▸ Problem to solve: Please repeat exactly the lines below from the one containing "using A A' k1" down to the one containing "using B B' g0", both included, and nothing else.

▸ Dataset excerpts:
lemma mult_mat_zero_middle:
  fixes A :: "'a::semiring_1 mat"
  assumes "A \<in> carrier_mat n1 n2" "B \<in> carrier_mat n2 n3" "C \<in> carrier_mat n3 n4" "D \<in> carrier_mat n4 n5"
    and "B * C = 0\<^sub>m n2 n4"
  shows "A * B * (C * D) = 0\<^sub>m n1 n5"
proof -
  have "A * B * (C * D) = A * (B * (C * D))" using assms(1-4) by (intro assoc_mult_mat) auto
  also have "\<dots> = A * ((B * C) * D)" using assms(2-4) by (simp add: assoc_mult_mat)
  finally show ?thesis using assms by simp
qed

lemma mult_mat_of_cols:
  assumes A: "A \<in> carrier_mat k n" and vs: "\<And>v. v \<in> set vs \<Longrightarrow> v \<in> carrier_vec n"
  shows "A * mat_of_cols n vs = mat_of_cols k (map (\<lambda>v. A *\<^sub>v v) vs)"
proof (rule mat_col_eqI)
  fix c assume "c < dim_col (mat_of_cols k (map (\<lambda>v. A *\<^sub>v v) vs))"
  hence c: "c < length vs" by simp
  have "vs ! c \<in> carrier_vec n" using vs c by simp
  thus "col (A * mat_of_cols n vs) c = col (mat_of_cols k (map (\<lambda>v. A *\<^sub>v v) vs)) c"
    using col_mult2[OF A mat_of_cols_carrier(1) c] c A by simp
qed (use A in simp_all)

lemma row_mult_eq_transpose_mult_vec:
  assumes "A \<in> carrier_mat n k" "B \<in> carrier_mat k l" "i < n"
  shows "row (A * B) i = transpose_mat B *\<^sub>v row (A :: 'a::comm_semiring_0 mat) i"
  using assms by (auto intro!: eq_vecI comm_scalar_prod[of _ k])

definition kernel_in_image :: "'a::field mat \<Rightarrow> 'a mat \<Rightarrow> bool" where
  "kernel_in_image A B \<longleftrightarrow> mat_kernel A \<subseteq> (\<lambda>y. B *\<^sub>v y) ` carrier_vec (dim_col B)"

lemma kernel_in_imageI:
  assumes "\<And>x. x \<in> carrier_vec (dim_col A) \<Longrightarrow> A *\<^sub>v x = 0\<^sub>v (dim_row A) \<Longrightarrow>
      \<exists>y\<in>carrier_vec (dim_col B). B *\<^sub>v y = x"
  shows "kernel_in_image A B"
  using assms unfolding kernel_in_image_def mat_kernel_def by fastforce

lemma kernel_in_imageD:
  assumes "kernel_in_image A B" "x \<in> carrier_vec (dim_col A)" "A *\<^sub>v x = 0\<^sub>v (dim_row A)"
  shows "\<exists>y\<in>carrier_vec (dim_col B). B *\<^sub>v y = x"
  using assms unfolding kernel_in_image_def mat_kernel_def by fastforce

lemma kernel_in_image_retract:
  fixes A :: "'a::field mat"
  assumes A: "A \<in> carrier_mat n2 n1" and B: "B \<in> carrier_mat n1 n0"
    and A': "A' \<in> carrier_mat N2 N1" and B': "B' \<in> carrier_mat N1 N0"
    and k1: "k1 \<in> carrier_mat N1 n1" and k2: "k2 \<in> carrier_mat N2 n2"
    and g0: "g0 \<in> carrier_mat n0 N0" and g1: "g1 \<in> carrier_mat n1 N1"
    and retract: "g1 * k1 = 1\<^sub>m n1" and k: "k2 * A = A' * k1" and g: "g1 * B' = B * g0"
    and exact: "kernel_in_image A' B'"
  shows "kernel_in_image A B"
proof (rule kernel_in_imageI)
  fix x assume "x \<in> carrier_vec (dim_col A)" and "A *\<^sub>v x = 0\<^sub>v (dim_row A)"
  hence x: "x \<in> carrier_vec n1" and Ax: "A *\<^sub>v x = 0\<^sub>v n2" using A by auto
  have "A' *\<^sub>v (k1 *\<^sub>v x) = k2 *\<^sub>v (A *\<^sub>v x)"
    using A A' k1 k2 x k by (metis assoc_mult_mat_vec)
  hence "A' *\<^sub>v (k1 *\<^sub>v x) = 0\<^sub>v (dim_row A')" using Ax k2 A' by simp
  moreover have "k1 *\<^sub>v x \<in> carrier_vec (dim_col A')" using k1 x A' by simp
  ultimately obtain y where "y \<in> carrier_vec (dim_col B')" and B'y: "B' *\<^sub>v y = k1 *\<^sub>v x"
    using kernel_in_imageD[OF exact] by blast
  hence y: "y \<in> carrier_vec N0" using B' by simp
  have "B *\<^sub>v (g0 *\<^sub>v y) = g1 *\<^sub>v (B' *\<^sub>v y)"
    using B B' g0 g1 y g by (metis assoc_mult_mat_vec)
  also have "\<dots> = (g1 * k1) *\<^sub>v x" using B'y g1 k1 x by (simp add: assoc_mult_mat_vec)
  also have "\<dots> = x" using retract x by simp
  finally show "\<exists>y\<in>carrier_vec (dim_col B). B *\<^sub>v y = x"
    using g0 y B by (intro bexI[of _ "g0 *\<^sub>v y"]) auto
qed

lemma mat_surj_if_unit_cols:
  fixes A :: "'a::field mat"
  assumes A: "A \<in> carrier_mat n m" and units: "\<And>c. c < n \<Longrightarrow> \<exists>j<m. col A j = unit_vec n c"
  shows "mat_surj A"
proof -
  obtain S where S: "S \<in> carrier_mat m n" and AS: "A * S = 1\<^sub>m n"
  proof -
    define j where "j c = (SOME j. j < m \<and> col A j = unit_vec n c)" for c
    have j: "j c < m \<and> col A (j c) = unit_vec n c" if "c < n" for c
      unfolding j_def using units[OF that] by (rule someI_ex)
    define S :: "'a mat" where "S = mat_of_cols m (map (\<lambda>c. unit_vec m (j c)) [0..<n])"
    have S: "S \<in> carrier_mat m n" unfolding S_def
      using mat_of_cols_carrier(1)[of m "map (\<lambda>c. unit_vec m (j c)) [0..<n]"] by simp
    have "A * S = 1\<^sub>m n"
    proof (rule mat_col_eqI)
      fix c assume "c < dim_col (1\<^sub>m n :: 'a mat)"
      hence c: "c < n" by simp
      have "col (A * S) c = A *\<^sub>v col S c" by (rule col_mult2[OF A S c])
      also have "\<dots> = A *\<^sub>v unit_vec m (j c)" using c by (simp add: S_def)
      also have "\<dots> = col (1\<^sub>m n) c" using mult_unit_vec_eq_col[OF A] j[OF c] c by simp
      finally show "col (A * S) c = col (1\<^sub>m n) c" .
    qed (use A S in simp_all)
    thus thesis using S that by blast
  qed
  show ?thesis unfolding mat_surj_def
  proof
    fix y :: "'a vec" assume "y \<in> carrier_vec (dim_row A)"
    hence y: "y \<in> carrier_vec n" using A by simp
    have "A *\<^sub>v (S *\<^sub>v y) = y" using A S y AS by (simp flip: assoc_mult_mat_vec)
    thus "\<exists>x\<in>carrier_vec (dim_col A). A *\<^sub>v x = y" using A S y by (intro bexI[of _ "S *\<^sub>v y"]) auto
  qed
qed

lemma mat_inj_if_unit_rows:
  fixes A :: "'a::field mat"
  assumes A: "A \<in> carrier_mat n m" and units: "\<And>c. c < m \<Longrightarrow> \<exists>r<n. row A r = unit_vec m c"
  shows "mat_inj A"
  unfolding mat_inj_def
proof (intro ballI impI)
  fix x :: "'a vec" assume "x \<in> carrier_vec (dim_col A)" and "A *\<^sub>v x = 0\<^sub>v (dim_row A)"
  hence x: "x \<in> carrier_vec m" and Ax: "A *\<^sub>v x = 0\<^sub>v n" using A by auto
  show "x = 0\<^sub>v (dim_col A)"
  proof (rule eq_vecI)
    fix c assume "c < dim_vec (0\<^sub>v (dim_col A) :: 'a vec)"
    hence c: "c < m" using A by simp
    then obtain r where r: "r < n" "row A r = unit_vec m c" using units by blast
    have "x $ c = row A r \<bullet> x" using r(2) x c by simp
    also have "\<dots> = (A *\<^sub>v x) $ r" using r A by simp
    finally show "x $ c = 0\<^sub>v (dim_col A) $ c" using Ax r c A by simp
  qed (use x A in simp)
qed

section \<open>Matrices of maps between enumerated bases\<close>

definition index_of :: "'b list \<Rightarrow> 'b \<Rightarrow> nat" where
  "index_of xs x = (THE r. r < length xs \<and> xs ! r = x)"

lemma index_of:
  assumes "distinct xs" "x \<in> set xs"
  shows "index_of xs x < length xs" "xs ! index_of xs x = x"
  using theI'[OF distinct_Ex1[OF assms]] unfolding index_of_def by auto

lemma index_of_nth: "distinct xs \<Longrightarrow> r < length xs \<Longrightarrow> index_of xs (xs ! r) = r"
  using index_of[of xs "xs ! r"] nth_eq_iff_index_eq by fastforce

definition basis_map_mat :: "('b \<Rightarrow> 'c) \<Rightarrow> 'b list \<Rightarrow> 'c list \<Rightarrow> 'a::zero_neq_one mat" where
  "basis_map_mat f xs ys = mat (length ys) (length xs) (\<lambda>(r, c). if ys ! r = f (xs ! c) then 1 else 0)"

lemma basis_map_mat_carrier [simp]:
  "basis_map_mat f xs ys \<in> carrier_mat (length ys) (length xs)"
  "dim_row (basis_map_mat f xs ys) = length ys" "dim_col (basis_map_mat f xs ys) = length xs"
  unfolding basis_map_mat_def by simp_all

lemma col_basis_map_mat:
  assumes "distinct ys" "c < length xs"
  shows "col (basis_map_mat f xs ys :: 'a::field mat) c =
    (if f (xs ! c) \<in> set ys then unit_vec (length ys) (index_of ys (f (xs ! c))) else 0\<^sub>v (length ys))"
proof (rule eq_vecI)
  fix r assume "r < dim_vec (if f (xs ! c) \<in> set ys then unit_vec (length ys) (index_of ys (f (xs ! c)))
    else (0\<^sub>v (length ys) :: 'a vec))"
  hence r: "r < length ys" by (simp split: if_splits)
  have "ys ! r = f (xs ! c) \<longleftrightarrow> f (xs ! c) \<in> set ys \<and> r = index_of ys (f (xs ! c))"
    using index_of[OF assms(1)] index_of_nth[OF assms(1) r] r nth_mem by metis
  thus "col (basis_map_mat f xs ys) c $ r = (if f (xs ! c) \<in> set ys
    then unit_vec (length ys) (index_of ys (f (xs ! c))) else 0\<^sub>v (length ys)) $ r"
    using r assms(2) by (auto simp: basis_map_mat_def unit_vec_def)
qed (use assms in \<open>simp add: basis_map_mat_def\<close>)

lemma row_basis_map_mat:
  "r < length ys \<Longrightarrow>
    row (basis_map_mat f xs ys) r = vec (length xs) (\<lambda>c. if ys ! r = f (xs ! c) then 1 else 0)"
  unfolding basis_map_mat_def by (rule eq_vecI) auto

lemma basis_map_mat_mult_vec_image:
  assumes "distinct xs" "inj_on f (set xs)" "r < length ys" "c < length xs" "ys ! r = f (xs ! c)"
    and v: "v \<in> carrier_vec (length xs)"
  shows "(basis_map_mat f xs ys *\<^sub>v v) $ r = (v $ c :: 'a::field)"
proof -
  have "ys ! r = f (xs ! c') \<longleftrightarrow> c' = c" if "c' < length xs" for c'
    using assms that inj_on_eq_iff[OF assms(2)] nth_eq_iff_index_eq[OF assms(1)] by (metis nth_mem)
  hence "row (basis_map_mat f xs ys :: 'a mat) r = unit_vec (length xs) c"
    using assms(3) by (auto simp: row_basis_map_mat unit_vec_def)
  thus ?thesis using assms(3,4) v by simp
qed

lemma basis_map_mat_mult_vec_not_image:
  assumes "r < length ys" "ys ! r \<notin> f ` set xs" and v: "v \<in> carrier_vec (length xs)"
  shows "(basis_map_mat f xs ys *\<^sub>v v) $ r = (0 :: 'a::field)"
proof -
  have "row (basis_map_mat f xs ys :: 'a mat) r = 0\<^sub>v (length xs)"
    using assms(1,2) by (auto simp: row_basis_map_mat intro!: eq_vecI)
  thus ?thesis using assms(1) v by simp
qed

lemma transpose_basis_map_mat_mult_vec:
  assumes "distinct ys" "c < length xs" and v: "v \<in> carrier_vec (length ys)"
  shows "(transpose_mat (basis_map_mat f xs ys) *\<^sub>v v) $ c =
    (if f (xs ! c) \<in> set ys then v $ index_of ys (f (xs ! c)) else (0 :: 'a::field))"
  using assms index_of[OF assms(1)] by (simp add: col_basis_map_mat)

lemma basis_map_mat_mult_eq_0:
  assumes "distinct ys" "distinct zs" and vanish: "\<And>x. x \<in> set xs \<Longrightarrow> f x \<in> set ys \<Longrightarrow> g (f x) \<notin> set zs"
  shows "basis_map_mat g ys zs * basis_map_mat f xs ys = (0\<^sub>m (length zs) (length xs) :: 'a::field mat)"
proof (rule mat_col_eqI)
  fix c assume "c < dim_col (0\<^sub>m (length zs) (length xs) :: 'a mat)"
  hence c: "c < length xs" by simp
  have "col (basis_map_mat g ys zs * basis_map_mat f xs ys) c =
      (basis_map_mat g ys zs :: 'a mat) *\<^sub>v col (basis_map_mat f xs ys) c"
    by (rule col_mult2[OF basis_map_mat_carrier(1) basis_map_mat_carrier(1) c])
  also have "\<dots> = 0\<^sub>v (length zs)"
  proof (cases "f (xs ! c) \<in> set ys")
    case True
    let ?r = "index_of ys (f (xs ! c))"
    have r: "?r < length ys" "ys ! ?r = f (xs ! c)" using index_of[OF assms(1) True] by auto
    have "(basis_map_mat g ys zs :: 'a mat) *\<^sub>v col (basis_map_mat f xs ys) c = col (basis_map_mat g ys zs) ?r"
      using True c r by (simp add: col_basis_map_mat[OF assms(1)] mult_unit_vec_eq_col[OF basis_map_mat_carrier(1)])
    also have "\<dots> = 0\<^sub>v (length zs)"
      using r vanish[of "xs ! c"] True c by (simp add: col_basis_map_mat[OF assms(2)])
    finally show ?thesis .
  next
    case False
    thus ?thesis using c by (simp add: col_basis_map_mat[OF assms(1)])
  qed
  finally show "col (basis_map_mat g ys zs * basis_map_mat f xs ys :: 'a mat) c =
      col (0\<^sub>m (length zs) (length xs)) c"
    using c by simp
qed simp_all

lemma mat_of_cols_mult_basis_map_mat:
  assumes ys: "distinct ys" and \<phi>: "\<And>y. y \<in> set ys \<Longrightarrow> \<phi> y \<in> carrier_vec n"
  shows "mat_of_cols n (map \<phi> ys) * basis_map_mat f xs ys =
    mat_of_cols n (map (\<lambda>x. if f x \<in> set ys then \<phi> (f x) else 0\<^sub>v n) xs :: 'a::field vec list)"
proof (rule mat_col_eqI)
  fix c assume "c < dim_col (mat_of_cols n (map (\<lambda>x. if f x \<in> set ys then \<phi> (f x) else 0\<^sub>v n) xs))"
  hence c: "c < length xs" by simp
  have M: "mat_of_cols n (map \<phi> ys) \<in> carrier_mat n (length ys)"
    using mat_of_cols_carrier(1)[of n "map \<phi> ys"] by simp
  have "col (mat_of_cols n (map \<phi> ys) * basis_map_mat f xs ys) c =
      mat_of_cols n (map \<phi> ys) *\<^sub>v col (basis_map_mat f xs ys) c"
    by (rule col_mult2[OF M basis_map_mat_carrier(1) c])
  also have "\<dots> = (if f (xs ! c) \<in> set ys then \<phi> (f (xs ! c)) else 0\<^sub>v n)"
  proof (cases "f (xs ! c) \<in> set ys")
    case True
    note r = index_of[OF ys True]
    have "mat_of_cols n (map \<phi> ys) *\<^sub>v unit_vec (length ys) (index_of ys (f (xs ! c))) =
        col (mat_of_cols n (map \<phi> ys)) (index_of ys (f (xs ! c)))"
      using r by (intro mult_unit_vec_eq_col[OF M])
    thus ?thesis using True c r \<phi>[OF True] by (simp add: col_basis_map_mat[OF ys])
  qed (use c M in \<open>simp add: col_basis_map_mat[OF ys]\<close>)
  finally show "col (mat_of_cols n (map \<phi> ys) * basis_map_mat f xs ys) c =
      col (mat_of_cols n (map (\<lambda>x. if f x \<in> set ys then \<phi> (f x) else 0\<^sub>v n) xs)) c"
    using c \<phi> by simp
qed simp_all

▸ Solution below:
    using A A' k1 k2 x k by (metis assoc_mult_mat_vec)
  hence "A' *\<^sub>v (k1 *\<^sub>v x) = 0\<^sub>v (dim_row A')" using Ax k2 A' by simp
  moreover have "k1 *\<^sub>v x \<in> carrier_vec (dim_col A')" using k1 x A' by simp
  ultimately obtain y where "y \<in> carrier_vec (dim_col B')" and B'y: "B' *\<^sub>v y = k1 *\<^sub>v x"
    using kernel_in_imageD[OF exact] by blast
  hence y: "y \<in> carrier_vec N0" using B' by simp
  have "B *\<^sub>v (g0 *\<^sub>v y) = g1 *\<^sub>v (B' *\<^sub>v y)"
    using B B' g0 g1 y g by (metis assoc_mult_mat_vec)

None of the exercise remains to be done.